(* The elements $A^iB^jC^k\alpha^r\beta^s\gamma^t$ with $i,j,k,r,s,t\geq 0$ form a basis for the $\mathbb F$-vector space $\Delta$.
   Context: Let $\mathbb F$ be a field and fix a nonzero $q\in\mathbb F$ with $q^4\neq 1$. The universal Askey--Wilson algebra $\Delta$ is the associative $\mathbb F$-algebra with 1 with generators $A,B,C$ subject to the relations that each of $A+\frac{qBC-q^{-1}CB}{q^2-q^{-2}}$, $B+\frac{qCA-q^{-1}AC}{q^2-q^{-2}}$, $C+\frac{qAB-q^{-1}BA}{q^2-q^{-2}}$ is central; $\alpha,\beta,\gamma$ denote these three central elements (in order) each multiplied by $q+q^{-1}$. *)

theory Defs
  imports Main "HOL-Library.Function_Algebras"
begin

text \<open>Free associative algebra over a field on three generators A, B, C:
  finitely supported functions from words to coefficients, with
  concatenation (convolution) product.\<close>

datatype gen = GA | GB | GC

type_synonym 'k fa = "gen list \<Rightarrow> 'k"

definition fa_fin :: "('k::zero) fa set" where
  "fa_fin = {f. finite {w. f w \<noteq> 0}}"

definition fa_word :: "gen list \<Rightarrow> ('k::{zero,one}) fa" where
  "fa_word w = (\<lambda>u. if u = w then 1 else 0)"

definition fa_smult :: "'k::times \<Rightarrow> 'k fa \<Rightarrow> 'k fa" where
  "fa_smult c f = (\<lambda>w. c * f w)"

definition fa_mult :: "('k::comm_semiring_1) fa \<Rightarrow> 'k fa \<Rightarrow> 'k fa" where
  "fa_mult f g = (\<lambda>w. \<Sum>i\<le>length w. f (take i w) * g (drop i w))"

fun fa_pow :: "('k::comm_semiring_1) fa \<Rightarrow> nat \<Rightarrow> 'k fa" where
  "fa_pow f 0 = fa_word []"
| "fa_pow f (Suc n) = fa_mult f (fa_pow f n)"

definition fa_span :: "('k::comm_semiring_1) fa set \<Rightarrow> 'k fa set" where
  "fa_span S = {f. \<exists>T c. finite T \<and> T \<subseteq> S \<and> f = (\<Sum>t\<in>T. fa_smult (c t) t)}"

definition fa_ideal :: "('k::comm_semiring_1) fa set \<Rightarrow> 'k fa set" where
  "fa_ideal S = fa_span {fa_mult (fa_mult (fa_word u) s) (fa_word v) | u s v. s \<in> S}"

definition aw_A :: "('k::{zero,one}) fa" where "aw_A = fa_word [GA]"
definition aw_B :: "('k::{zero,one}) fa" where "aw_B = fa_word [GB]"
definition aw_C :: "('k::{zero,one}) fa" where "aw_C = fa_word [GC]"

definition aw_cent :: "'k::field \<Rightarrow> 'k fa \<Rightarrow> 'k fa \<Rightarrow> 'k fa \<Rightarrow> 'k fa" where
  "aw_cent q X Y Z = X + fa_smult (inverse (q^2 - (inverse q)^2))
      (fa_smult q (fa_mult Y Z) - fa_smult (inverse q) (fa_mult Z Y))"

definition aw_gA :: "'k::field \<Rightarrow> 'k fa" where "aw_gA q = aw_cent q aw_A aw_B aw_C"
definition aw_gB :: "'k::field \<Rightarrow> 'k fa" where "aw_gB q = aw_cent q aw_B aw_C aw_A"
definition aw_gC :: "'k::field \<Rightarrow> 'k fa" where "aw_gC q = aw_cent q aw_C aw_A aw_B"

definition aw_alpha :: "'k::field \<Rightarrow> 'k fa" where "aw_alpha q = fa_smult (q + inverse q) (aw_gA q)"
definition aw_beta :: "'k::field \<Rightarrow> 'k fa" where "aw_beta q = fa_smult (q + inverse q) (aw_gB q)"
definition aw_gamma :: "'k::field \<Rightarrow> 'k fa" where "aw_gamma q = fa_smult (q + inverse q) (aw_gC q)"

definition aw_rels :: "'k::field \<Rightarrow> 'k fa set" where
  "aw_rels q = {fa_mult X g - fa_mult g X | X g.
      X \<in> {aw_A, aw_B, aw_C} \<and> g \<in> {aw_gA q, aw_gB q, aw_gC q}}"

definition aw_ideal :: "'k::field \<Rightarrow> 'k fa set" where
  "aw_ideal q = fa_ideal (aw_rels q)"

fun aw_mon :: "'k::field \<Rightarrow> nat \<times> nat \<times> nat \<times> nat \<times> nat \<times> nat \<Rightarrow> 'k fa" where
  "aw_mon q (i, j, k, r, s, t) =
     fa_mult (fa_pow aw_A i) (fa_mult (fa_pow aw_B j) (fa_mult (fa_pow aw_C k)
       (fa_mult (fa_pow (aw_alpha q) r) (fa_mult (fa_pow (aw_beta q) s) (fa_pow (aw_gamma q) t)))))"

definition quotient_basis :: "('k::field) fa set \<Rightarrow> ('i \<Rightarrow> 'k fa) \<Rightarrow> bool" where
  "quotient_basis I b \<longleftrightarrow>
     (\<forall>f\<in>fa_fin. \<exists>M c. finite M \<and> f - (\<Sum>m\<in>M. fa_smult (c m) (b m)) \<in> I) \<and>
     (\<forall>M c. finite M \<and> (\<Sum>m\<in>M. fa_smult (c m) (b m)) \<in> I \<longrightarrow> (\<forall>m\<in>M. c m = 0))"

end

theory Submission
  imports Defs
begin

text \<open>
  Modulo the ideal, the relation BA = q^2 AB + q(q^2 - q^-2)(C - \<gamma>/(q + q^-1)) and its two
  cyclic companions move A to the left of B and C, and B to the left of C, at the cost of
  terms of lower degree in A, B, C and of central factors. Hence every word is congruent to a
  combination of ordered monomials A^i B^j C^k \<alpha>^r \<beta>^s \<gamma>^t.

  For independence, the same rewriting rules define operators B and C on the vector space V
  with basis e(i, j, k, r, s, t), on which A raises i. These operators satisfy the defining
  relations, so V is a \<Delta>-module on which \<alpha>, \<beta>, \<gamma> raise r, s, t, and the monomial
  A^i B^j C^k \<alpha>^r \<beta>^s \<gamma>^t sends e(0, ..., 0) to e(i, j, k, r, s, t).
\<close>

definition supp :: "('i \<Rightarrow> 'k::zero) \<Rightarrow> 'i set" where
  "supp v = {m. v m \<noteq> 0}"

definition fin_supp :: "('i \<Rightarrow> 'k::zero) \<Rightarrow> bool" where
  "fin_supp v \<longleftrightarrow> finite (supp v)"

definition smult :: "'k::times \<Rightarrow> ('i \<Rightarrow> 'k) \<Rightarrow> ('i \<Rightarrow> 'k)" where
  "smult c v = (\<lambda>n. c * v n)"

definition unit_vec :: "'i \<Rightarrow> 'i \<Rightarrow> 'k::{zero,one}" where
  "unit_vec m = (\<lambda>n. if n = m then 1 else 0)"

text \<open>Only meaningful for finitely supported \<open>v\<close>: otherwise the sum is over an infinite
  set and hence \<open>0\<close>.\<close>

definition lin_ext :: "('i \<Rightarrow> 'j \<Rightarrow> 'k::comm_semiring_1) \<Rightarrow> ('i \<Rightarrow> 'k) \<Rightarrow> 'j \<Rightarrow> 'k" where
  "lin_ext f v = (\<lambda>n. \<Sum>m\<in>supp v. v m * f m n)"

lemma smult_apply [simp]: "smult c v n = c * v n"
  by (simp add: smult_def)

lemma smult_zero [simp]: "smult c 0 = (0 :: 'i \<Rightarrow> 'k::mult_zero)"
  by (simp add: smult_def fun_eq_iff)

lemma unit_vec_apply: "unit_vec m n = (if n = m then 1 else 0)"
  by (simp add: unit_vec_def)

lemma sum_apply: "(\<Sum>t\<in>T. g t) n = (\<Sum>t\<in>T. g t n)"
  by (induction T rule: infinite_finite_induct) auto

lemma fa_smult_eq: "fa_smult = smult"
  by (auto simp: fa_smult_def smult_def fun_eq_iff)

lemma fa_word_eq: "fa_word = unit_vec"
  by (auto simp: fa_word_def unit_vec_def fun_eq_iff)

lemma fa_fin_eq: "fa_fin = {v. fin_supp v}"
  by (auto simp: fa_fin_def fin_supp_def supp_def)

lemma fin_supp_subset: "fin_supp v \<Longrightarrow> supp u \<subseteq> supp v \<union> supp w \<Longrightarrow> fin_supp w \<Longrightarrow> fin_supp u"
  unfolding fin_supp_def by (meson finite_UnI finite_subset)

lemma fin_supp_0 [simp]: "fin_supp 0"
  by (simp add: fin_supp_def supp_def)

lemma fin_supp_unit_vec [simp]: "fin_supp (unit_vec m :: 'i \<Rightarrow> 'k::zero_neq_one)"
proof -
  have "supp (unit_vec m :: 'i \<Rightarrow> 'k) \<subseteq> {m}" by (auto simp: supp_def unit_vec_def)
  then show ?thesis unfolding fin_supp_def by (rule finite_subset) simp
qed

lemma fin_supp_add [simp]: "fin_supp u \<Longrightarrow> fin_supp v \<Longrightarrow> fin_supp (u + (v :: 'i \<Rightarrow> 'k::monoid_add))"
  by (erule fin_supp_subset) (auto simp: supp_def)

lemma fin_supp_diff [simp]: "fin_supp u \<Longrightarrow> fin_supp v \<Longrightarrow> fin_supp (u - (v :: 'i \<Rightarrow> 'k::group_add))"
  by (erule fin_supp_subset) (auto simp: supp_def)

lemma fin_supp_smult [simp]: "fin_supp v \<Longrightarrow> fin_supp (smult c (v :: 'i \<Rightarrow> 'k::mult_zero))"
  by (erule fin_supp_subset[of _ _ 0]) (auto simp: supp_def)

lemma fin_supp_sum [simp]:
  "(\<And>t. t \<in> T \<Longrightarrow> fin_supp (g t)) \<Longrightarrow> fin_supp (\<Sum>t\<in>T. (g t :: 'i \<Rightarrow> 'k::comm_monoid_add))"
  by (induction T rule: infinite_finite_induct) auto

lemma lin_ext_eq: "finite S \<Longrightarrow> supp v \<subseteq> S \<Longrightarrow> lin_ext f v = (\<lambda>n. \<Sum>m\<in>S. v m * f m n)"
  unfolding lin_ext_def by (auto intro!: sum.mono_neutral_left simp: supp_def)

lemma lin_ext_as_sum: "lin_ext f v = (\<Sum>m\<in>supp v. smult (v m) (f m))"
  by (simp add: lin_ext_def fun_eq_iff sum_apply)

lemma lin_ext_add: "fin_supp u \<Longrightarrow> fin_supp v \<Longrightarrow> lin_ext f (u + v) = lin_ext f u + lin_ext f v"
proof -
  assume "fin_supp u" "fin_supp v"
  then have S: "finite (supp u \<union> supp v)" by (simp add: fin_supp_def)
  have "supp (u + v) \<subseteq> supp u \<union> supp v" by (auto simp: supp_def)
  with S show ?thesis
    by (simp add: lin_ext_eq[OF S] fun_eq_iff distrib_right sum.distrib)
qed

lemma lin_ext_smult: "lin_ext f (smult c v) = smult c (lin_ext f (v :: 'i \<Rightarrow> 'k::field))"
proof (cases "c = 0")
  case True
  then show ?thesis by (simp add: lin_ext_def smult_def supp_def)
next
  case False
  then have "supp (smult c v) = supp v" by (auto simp: supp_def)
  then show ?thesis by (simp add: lin_ext_def fun_eq_iff sum_distrib_left mult.assoc)
qed

lemma lin_ext_diff:
  assumes "fin_supp u" "fin_supp v"
  shows "lin_ext f (u - v) = lin_ext f u - lin_ext f (v :: 'i \<Rightarrow> 'k::field)"
proof -
  have "u - v = u + smult (-1) v" by (simp add: fun_eq_iff)
  then have "lin_ext f (u - v) = lin_ext f (u + smult (-1) v)" by (rule arg_cong)
  also have "\<dots> = lin_ext f u + smult (-1) (lin_ext f v)"
    using assms by (simp add: lin_ext_add lin_ext_smult)
  finally show ?thesis by (simp add: fun_eq_iff)
qed

lemma lin_ext_zero [simp]: "lin_ext f 0 = 0"
  by (simp add: lin_ext_def supp_def fun_eq_iff)

lemma lin_ext_unit_vec [simp]: "lin_ext f (unit_vec m) = (f m :: 'j \<Rightarrow> 'k::comm_semiring_1)"
proof -
  have "lin_ext f (unit_vec m) = (\<lambda>n. \<Sum>p\<in>{m}. unit_vec m p * f p n)"
    by (rule lin_ext_eq) (auto simp: supp_def unit_vec_def)
  then show ?thesis by (simp add: unit_vec_def)
qed

lemma lin_ext_sum:
  "(\<And>t. t \<in> T \<Longrightarrow> fin_supp (g t)) \<Longrightarrow>
   lin_ext f (\<Sum>t\<in>T. g t) = (\<Sum>t\<in>T. lin_ext f (g t :: 'i \<Rightarrow> 'k::field))"
  by (induction T rule: infinite_finite_induct) (auto simp: lin_ext_add)

lemma supp_lin_ext: "supp (lin_ext f v) \<subseteq> (\<Union>m\<in>supp v. supp (f m))"
proof
  fix n assume "n \<in> supp (lin_ext f v)"
  then have "(\<Sum>m\<in>supp v. v m * f m n) \<noteq> 0" by (simp add: lin_ext_def supp_def)
  then obtain m where "m \<in> supp v" "v m * f m n \<noteq> 0"
    by (meson sum.not_neutral_contains_not_neutral)
  then show "n \<in> (\<Union>m\<in>supp v. supp (f m))" by (auto simp: supp_def)
qed

lemma fin_supp_lin_ext [simp]:
  "fin_supp v \<Longrightarrow> (\<And>m. m \<in> supp v \<Longrightarrow> fin_supp (f m)) \<Longrightarrow> fin_supp (lin_ext f v)"
  unfolding fin_supp_def using supp_lin_ext[of f v] by (meson finite_UN_I finite_subset)

lemma lin_ext_cong: "(\<And>m. m \<in> supp v \<Longrightarrow> f m = g m) \<Longrightarrow> lin_ext f v = lin_ext g v"
  by (simp add: lin_ext_def)

lemma lin_ext_fadd: "lin_ext (\<lambda>m. f m + g m) v = lin_ext f v + lin_ext g v"
  by (simp add: lin_ext_def fun_eq_iff distrib_left sum.distrib)

lemma lin_ext_fsmult: "lin_ext (\<lambda>m. smult c (f m)) v = smult c (lin_ext f (v :: 'i \<Rightarrow> 'k::field))"
  by (simp add: lin_ext_def fun_eq_iff sum_distrib_left mult.left_commute)

lemma lin_ext_fdiff: "lin_ext (\<lambda>m. f m - g m) v = lin_ext f v - lin_ext g (v :: 'i \<Rightarrow> 'k::field)"
  by (simp add: lin_ext_def fun_eq_iff right_diff_distrib sum_subtractf)

lemma lin_ext_comp:
  assumes "fin_supp v" "\<And>m. m \<in> supp v \<Longrightarrow> fin_supp (g m)"
  shows "lin_ext f (lin_ext g v) = lin_ext (\<lambda>m. lin_ext f (g m)) (v :: 'i \<Rightarrow> 'k::field)"
proof -
  have "lin_ext f (lin_ext g v) = (\<Sum>m\<in>supp v. lin_ext f (smult (v m) (g m)))"
    unfolding lin_ext_as_sum[of g] by (rule lin_ext_sum) (use assms in auto)
  also have "\<dots> = lin_ext (\<lambda>m. lin_ext f (g m)) v"
    by (simp add: lin_ext_smult lin_ext_as_sum[of "\<lambda>m. lin_ext f (g m)"])
  finally show ?thesis .
qed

#####

Find the count of lines in the data above where the string "list" occurs. Provide that number alone.

2